→ Data to use:
(* Let $N\ge 2$, $P=2$, $L=N+1$. For $\mathbf{b}=[b_1,\dots,b_N]^T\in\{\pm1\}^N$ let $\mathbf{B}$ be the $L\times 2$ matrix whose first column is $[b_1,\dots,b_N,0]^T$ and whose second column is $[0,b_1,\dots,b_N]^T$, so that $$\mathbf{B}^T\mathbf{B}=\begin{bmatrix}N & \sum_{i=1}^{N-1}b_ib_{i+1}\\ \sum_{i=1}^{N-1}b_ib_{i+1} & N\end{bmatrix}.$$ For a $2\times2$ matrix $\mathbf{G}$ and a prefix $\mathbf{b}_{(\ell)}=[b_1,\dots,b_\ell]\in\{\pm1\}^\ell$ ($1\le\ell\le N$), let $\mathcal{A}(\mathbf{b}_{(\ell)}\mid\mathbf{G})$ denote the set of all $\mathbf{b}'\in\{\pm1\}^N$ whose first $\ell$ entries equal $b_1,\dots,b_\ell$ and whose associated matrix $\mathbf{B}'$ satisfies $\mathbf{B}'^T\mathbf{B}'=\mathbf{G}$. Let $m_\ell=(b_1b_2+\cdots+b_{\ell-1}b_\ell)\cdot\mathbf{1}\{\ell>1\}$ (so $m_1=0$), where $\mathbf{1}\{\cdot\}$ is the indicator function. (i) If $N$ is odd and $\mathbf{G}=N\mathbf{I}_2$, then for $1\le\ell\le N$, $$|\mathcal{A}(\mathbf{b}_{(\ell)}\mid\mathbf{G})|=\binom{N-\ell}{(N-\ell-m_\ell)/2}\,\mathbf{1}\{|m_\ell|\le N-\ell\}.$$ (ii) If $N$ is even, and $\mathbf{G}_1=\begin{bmatrix}N&-1\\-1&N\end{bmatrix}$, $\mathbf{G}_2=\begin{bmatrix}N&1\\1&N\end{bmatrix}$, then for $\theta\in\{1,2\}$ and $1\le\ell\le N$, $$|\mathcal{A}(\mathbf{b}_{(\ell)}\mid\mathbf{G}_\theta)|=\binom{N-\ell}{(N-\ell+(-1)^\theta-m_\ell)/2}\,\mathbf{1}\{|(-1)^\theta-m_\ell|\le N-\ell\}.$$ Here $\binom{0}{0}=1$, and the right-hand sides are understood to be $0$ whenever the indicator is $0$.
   Context: $\mathbf{I}_2$ is the $2\times 2$ identity matrix. This is the setting of binary $\pm1$ codewords transmitted over a channel of memory order one, where $\mathbf{B}$ is the convolution (Toeplitz) matrix of the codeword. *)

theory Defs
  imports "Jordan_Normal_Form.Matrix"
begin

text \<open>Codewords are int lists of length N with entries in {-1,1}; indices are 0-based,
  so list entry b!i is b_(i+1) of the paper.\<close>

definition pm1_words :: "nat \<Rightarrow> int list set" where
  "pm1_words N = {b. length b = N \<and> set b \<subseteq> {-1, 1}}"

definition conv_mat :: "int list \<Rightarrow> int mat" where
  "conv_mat b = mat (length b + 1) 2
     (\<lambda>(i, j). if j = 0 then (if i < length b then b ! i else 0)
               else (if i = 0 then 0 else b ! (i - 1)))"

definition compat_set :: "nat \<Rightarrow> int list \<Rightarrow> int mat \<Rightarrow> int list set" where
  "compat_set N p G =
     {b' \<in> pm1_words N. take (length p) b' = p \<and> transpose_mat (conv_mat b') * conv_mat b' = G}"

definition m_val :: "int list \<Rightarrow> int" where
  "m_val p = (if length p > 1 then (\<Sum>i<length p - 1. p ! i * p ! (i + 1)) else 0)"

definition G_theta :: "nat \<Rightarrow> nat \<Rightarrow> int mat" where
  "G_theta N \<theta> = mat 2 2 (\<lambda>(i, j). if i = j then int N else (-1) ^ \<theta>)"

end

theory Submission
  imports Defs
begin

text \<open>The Gram matrix of conv_mat b has diagonal N and off-diagonal entry the adjacent
  correlation of b. For b = p @ q this correlation is m_val p plus the correlation of
  last p # q, so A(p | G) corresponds to the \<plusminus>1 tails q of length k = N - length p for which
  last p # q has a prescribed correlation s. Branching on the first letter of q gives Pascal's
  recurrence, so these tails are as many as the \<plusminus>1 words of length k with sum s, namely
  k choose (k + s)/2; the parity of N makes (k + s)/2 an integer in each case of the theorem.\<close>

fun adj_corr :: "int list \<Rightarrow> int" where
  "adj_corr (x # y # q) = x * y + adj_corr (y # q)"
| "adj_corr _ = 0"

lemma adj_corr_eq_sum: "adj_corr b = (\<Sum>i<length b - 1. b ! i * b ! (i + 1))"
  by (induction b rule: adj_corr.induct) (simp_all add: sum.lessThan_Suc_shift del: sum.lessThan_Suc)

lemma m_val_eq_adj_corr: "m_val p = adj_corr p"
  unfolding m_val_def adj_corr_eq_sum by auto

lemma adj_corr_append: "p \<noteq> [] \<Longrightarrow> adj_corr (p @ q) = adj_corr p + adj_corr (last p # q)"
  by (induction p rule: adj_corr.induct) auto

lemma adj_corr_parity:
  "p \<noteq> [] \<Longrightarrow> set p \<subseteq> {-1, 1} \<Longrightarrow> even (adj_corr p + int (length p) + 1)"
proof (induction p rule: adj_corr.induct)
  case (1 x y q)
  then have "odd (x * y)" by auto
  with 1 show ?case by auto
qed auto

definition pm1_sum_count :: "nat \<Rightarrow> int \<Rightarrow> nat" where
  "pm1_sum_count k s =
     (if \<bar>s\<bar> \<le> int k \<and> even (int k + s) then k choose nat ((int k + s) div 2) else 0)"

lemma pm1_sum_count_0: "pm1_sum_count 0 s = (if s = 0 then 1 else 0)"
  by (auto simp: pm1_sum_count_def)

lemma pm1_sum_count_Suc:
  "pm1_sum_count (Suc k) s = pm1_sum_count k (s - 1) + pm1_sum_count k (s + 1)"
proof (cases "even (int k + 1 + s) \<and> \<bar>s\<bar> \<le> int k + 1")
  case False
  then have "\<not> (\<bar>s\<bar> \<le> int (Suc k) \<and> even (int (Suc k) + s))"
    "\<not> (\<bar>s - 1\<bar> \<le> int k \<and> even (int k + (s - 1)))"
    "\<not> (\<bar>s + 1\<bar> \<le> int k \<and> even (int k + (s + 1)))"
    by presburger+
  then show ?thesis unfolding pm1_sum_count_def by (simp only: if_False)
next
  case True
  define j where "j = nat ((int k + 1 + s) div 2)"
  have j: "int k + 1 + s = 2 * int j" "j \<le> k + 1"
    using True unfolding j_def by (auto elim!: evenE)
  then have s: "s = 2 * int j - int k - 1" by simp
  have lhs: "pm1_sum_count (Suc k) s = Suc k choose j"
    unfolding pm1_sum_count_def s by auto
  show ?thesis
  proof (cases j)
    case 0
    then show ?thesis unfolding lhs pm1_sum_count_def s by auto
  next
    case (Suc i)
    have "pm1_sum_count k (s - 1) = k choose i"
      unfolding pm1_sum_count_def s using j Suc by auto
    moreover have "pm1_sum_count k (s + 1) = k choose j"
      unfolding pm1_sum_count_def s using j Suc by (auto simp: nat_add_distrib)
    ultimately show ?thesis using lhs Suc by simp
  qed
qed

lemma pm1_sum_count_eq:
  "even (int k + s) \<Longrightarrow>
   pm1_sum_count k s = (if \<bar>s\<bar> \<le> int k then k choose nat ((int k + s) div 2) else 0)"
  by (simp add: pm1_sum_count_def)

lemma card_pm1_tails_adj_corr:
  assumes "x \<in> {-1, 1}"
  shows "card {q. length q = k \<and> set q \<subseteq> {-1, 1} \<and> adj_corr (x # q) = s} = pm1_sum_count k s"
  using assms
proof (induction k arbitrary: x s)
  case 0
  have "{q. length q = 0 \<and> set q \<subseteq> {-1, 1} \<and> adj_corr (x # q) = s} = (if s = 0 then {[]} else {})"
    by auto
  then show ?case by (simp add: pm1_sum_count_0)
next
  case (Suc k)
  define T where "T y t = {q. length q = k \<and> set q \<subseteq> {-1::int, 1} \<and> adj_corr (y # q) = t}" for y t
  have fin: "finite (T y t)" for y t
    by (rule finite_subset[OF _ finite_lists_length_eq[of "{-1::int, 1}" k]]) (auto simp: T_def)
  have split: "{q. length q = Suc k \<and> set q \<subseteq> {-1, 1} \<and> adj_corr (x # q) = s}
      = Cons 1 ` T 1 (s - x) \<union> Cons (-1) ` T (-1) (s + x)"
  proof (rule equalityI; rule subsetI)
    fix q assume q: "q \<in> {q. length q = Suc k \<and> set q \<subseteq> {-1, 1} \<and> adj_corr (x # q) = s}"
    then obtain y q' where "q = y # q'" by (cases q) auto
    with q show "q \<in> Cons 1 ` T 1 (s - x) \<union> Cons (-1) ` T (-1) (s + x)"
      by (auto simp: T_def)
  qed (auto simp: T_def)
  have "card (Cons 1 ` T 1 (s - x) \<union> Cons (-1) ` T (-1) (s + x))
      = card (T 1 (s - x)) + card (T (-1) (s + x))"
    by (subst card_Un_disjoint) (auto simp: fin card_image)
  also have "\<dots> = pm1_sum_count k (s - x) + pm1_sum_count k (s + x)"
    using Suc.IH[of 1] Suc.IH[of "-1"] by (simp add: T_def)
  also have "\<dots> = pm1_sum_count (Suc k) s"
    using Suc.prems pm1_sum_count_Suc[of k s] by auto
  finally show ?case using split by simp
qed

definition toeplitz_gram :: "nat \<Rightarrow> int \<Rightarrow> int mat" where
  "toeplitz_gram N c = mat 2 2 (\<lambda>(i, j). if i = j then int N else c)"

lemma toeplitz_gram_inject: "toeplitz_gram N c = toeplitz_gram N d \<longleftrightarrow> c = d"
proof
  assume "toeplitz_gram N c = toeplitz_gram N d"
  then have "toeplitz_gram N c $$ (0, 1) = toeplitz_gram N d $$ (0, 1)" by simp
  then show "c = d" by (simp add: toeplitz_gram_def)
qed simp

lemma sum_squares_pm1:
  "set b \<subseteq> {-1, 1} \<Longrightarrow> (\<Sum>r<length b. b ! r * b ! r) = int (length b)"
proof -
  assume b: "set b \<subseteq> {-1, 1}"
  have "b ! r * b ! r = 1" if "r < length b" for r
    using b nth_mem[OF that] by auto
  then show ?thesis by simp
qed

lemma conv_mat_gram:
  assumes b: "set b \<subseteq> {-1, 1}" "b \<noteq> []"
  shows "transpose_mat (conv_mat b) * conv_mat b = toeplitz_gram (length b) (adj_corr b)"
proof -
  define N where "N = length b"
  define E where "E r c = (if c = (0::nat) then (if r < N then b ! r else 0)
                           else (if r = 0 then 0 else b ! (r - 1)))" for r c
  obtain M where M: "N = Suc M" using b(2) by (cases b) (auto simp: N_def)
  have sq: "(\<Sum>r<N. b ! r * b ! r) = int N"
    using sum_squares_pm1[OF b(1)] by (simp add: N_def)
  have corr: "(\<Sum>r<N + 1. E r 0 * E r 1) = adj_corr b"
  proof -
    have "(\<Sum>r<N + 1. E r 0 * E r 1) = (\<Sum>i<Suc M. (if Suc i < N then b ! Suc i else 0) * b ! i)"
      by (simp add: E_def sum.lessThan_Suc_shift M del: sum.lessThan_Suc)
    also have "\<dots> = (\<Sum>i<M. b ! i * b ! (i + 1))"
      by (simp add: M mult.commute)
    finally show ?thesis by (simp add: adj_corr_eq_sum N_def[symmetric] M)
  qed
  have diag0: "(\<Sum>r<N + 1. E r 0 * E r 0) = int N"
  proof -
    have "(\<Sum>r<N + 1. E r 0 * E r 0) = (\<Sum>r<N. b ! r * b ! r)"
      by (simp add: E_def)
    then show ?thesis using sq by simp
  qed
  have diag1: "(\<Sum>r<N + 1. E r 1 * E r 1) = int N"
    using sq by (simp add: E_def sum.lessThan_Suc_shift del: sum.lessThan_Suc)
  have entries: "(\<Sum>r<N + 1. E r i * E r j) = (if i = j then int N else adj_corr b)"
    if "i < 2" "j < 2" for i j
    using that diag0 diag1 corr by (auto simp: less_2_cases_iff mult.commute)
  have "conv_mat b $$ (r, c) = E r c" if "r < N + 1" "c < 2" for r c
    using that by (simp add: conv_mat_def E_def N_def)
  then have "(transpose_mat (conv_mat b) * conv_mat b) $$ (i, j) = (\<Sum>r<N + 1. E r i * E r j)"
    if "i < 2" "j < 2" for i j
    using that by (simp add: scalar_prod_def conv_mat_def N_def atLeast0LessThan)
  with entries show ?thesis
    by (intro eq_matI) (auto simp: toeplitz_gram_def conv_mat_def N_def)
qed

lemma compat_set_toeplitz_gram:
  assumes p: "set p \<subseteq> {-1, 1}" "p \<noteq> []" and l: "length p \<le> N"
  shows "compat_set N p (toeplitz_gram N c) = (\<lambda>q. p @ q) `
           {q. length q = N - length p \<and> set q \<subseteq> {-1, 1} \<and> adj_corr (last p # q) = c - m_val p}"
    (is "_ = _ ` ?T")
proof (rule equalityI; rule subsetI)
  fix b assume "b \<in> compat_set N p (toeplitz_gram N c)"
  then have b: "length b = N" "set b \<subseteq> {-1, 1}" "take (length p) b = p"
    "transpose_mat (conv_mat b) * conv_mat b = toeplitz_gram N c"
    by (auto simp: compat_set_def pm1_words_def)
  define q where "q = drop (length p) b"
  have bq: "b = p @ q" using b(3) unfolding q_def by (metis append_take_drop_id)
  have "adj_corr b = c"
    using b(4) conv_mat_gram[OF b(2)] p(2) bq b(1) by (auto simp: toeplitz_gram_inject)
  then have "adj_corr (last p # q) = c - m_val p"
    unfolding bq adj_corr_append[OF p(2)] by (simp add: m_val_eq_adj_corr)
  moreover have "set q \<subseteq> {-1, 1}" "length q = N - length p"
    using b(1,2) unfolding q_def by (auto dest: in_set_dropD)
  ultimately show "b \<in> (\<lambda>q. p @ q) ` ?T"
    using bq by blast
next
  fix b assume "b \<in> (\<lambda>q. p @ q) ` ?T"
  then obtain q where q: "b = p @ q" "length q = N - length p" "set q \<subseteq> {-1, 1}"
      "adj_corr (last p # q) = c - m_val p"
    by auto
  have "length b = N" "set b \<subseteq> {-1, 1}" "adj_corr b = c"
    using q l p adj_corr_append[OF p(2), of q] by (auto simp: m_val_eq_adj_corr)
  then show "b \<in> compat_set N p (toeplitz_gram N c)"
    using conv_mat_gram q(1) p(2) by (auto simp: compat_set_def pm1_words_def)
qed

lemma card_compat_set_toeplitz_gram:
  assumes "set p \<subseteq> {-1, 1}" "p \<noteq> []" "length p \<le> N"
  shows "card (compat_set N p (toeplitz_gram N c)) = pm1_sum_count (N - length p) (c - m_val p)"
proof -
  have "last p \<in> {-1, 1}" using assms(1,2) last_in_set by blast
  then show ?thesis
    unfolding compat_set_toeplitz_gram[OF assms]
    by (subst card_image) (auto simp: inj_on_def card_pm1_tails_adj_corr)
qed

theorem lemma2:
  fixes N :: nat and p :: "int list"
  assumes "N \<ge> 2"
    and "p \<in> pm1_words (length p)"
    and "1 \<le> length p" and "length p \<le> N"
  shows "(odd N \<longrightarrow>
            int (card (compat_set N p (int N \<cdot>\<^sub>m 1\<^sub>m 2))) =
              (if \<bar>m_val p\<bar> \<le> int (N - length p)
               then int ((N - length p) choose nat ((int (N - length p) - m_val p) div 2))
               else 0))
       \<and> (even N \<longrightarrow> (\<forall>\<theta>\<in>{1, 2}.
            int (card (compat_set N p (G_theta N \<theta>))) =
              (if \<bar>(-1) ^ \<theta> - m_val p\<bar> \<le> int (N - length p)
               then int ((N - length p) choose
                          nat ((int (N - length p) + (-1) ^ \<theta> - m_val p) div 2))
               else 0)))"
proof -
  have p: "set p \<subseteq> {-1, 1}" "p \<noteq> []" "length p \<le> N"
    using assms(2-4) by (auto simp: pm1_words_def)
  have parity: "even (m_val p + int (length p) + 1)"
    using adj_corr_parity[OF p(2,1)] by (simp add: m_val_eq_adj_corr)
  have count: "int (card (compat_set N p (toeplitz_gram N c))) =
      (if \<bar>c - m_val p\<bar> \<le> int (N - length p)
       then int ((N - length p) choose nat ((int (N - length p) + c - m_val p) div 2)) else 0)"
    if "odd N \<longleftrightarrow> even c" for c
  proof -
    have "even (int (N - length p) + (c - m_val p))"
      using parity that p(3) by presburger
    then show ?thesis
      by (simp add: card_compat_set_toeplitz_gram[OF p] pm1_sum_count_eq add_diff_eq)
  qed
  have "int N \<cdot>\<^sub>m 1\<^sub>m 2 = toeplitz_gram N 0"
    by (rule eq_matI) (auto simp: toeplitz_gram_def)
  moreover have "G_theta N \<theta> = toeplitz_gram N ((-1) ^ \<theta>)" for \<theta>
    by (simp add: G_theta_def toeplitz_gram_def)
  ultimately show ?thesis
    by (simp add: count)
qed

end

→ Assignment: Your reply is to repeat, unchanged, the lines above running from the one with "int j - int" up to and including the one with "unfolding pm1_sum_count_def s using j Suc by auto".

→ Solution:
  then have s: "s = 2 * int j - int k - 1" by simp
  have lhs: "pm1_sum_count (Suc k) s = Suc k choose j"
    unfolding pm1_sum_count_def s by auto
  show ?thesis
  proof (cases j)
    case 0
    then show ?thesis unfolding lhs pm1_sum_count_def s by auto
  next
    case (Suc i)
    have "pm1_sum_count k (s - 1) = k choose i"
      unfolding pm1_sum_count_def s using j Suc by auto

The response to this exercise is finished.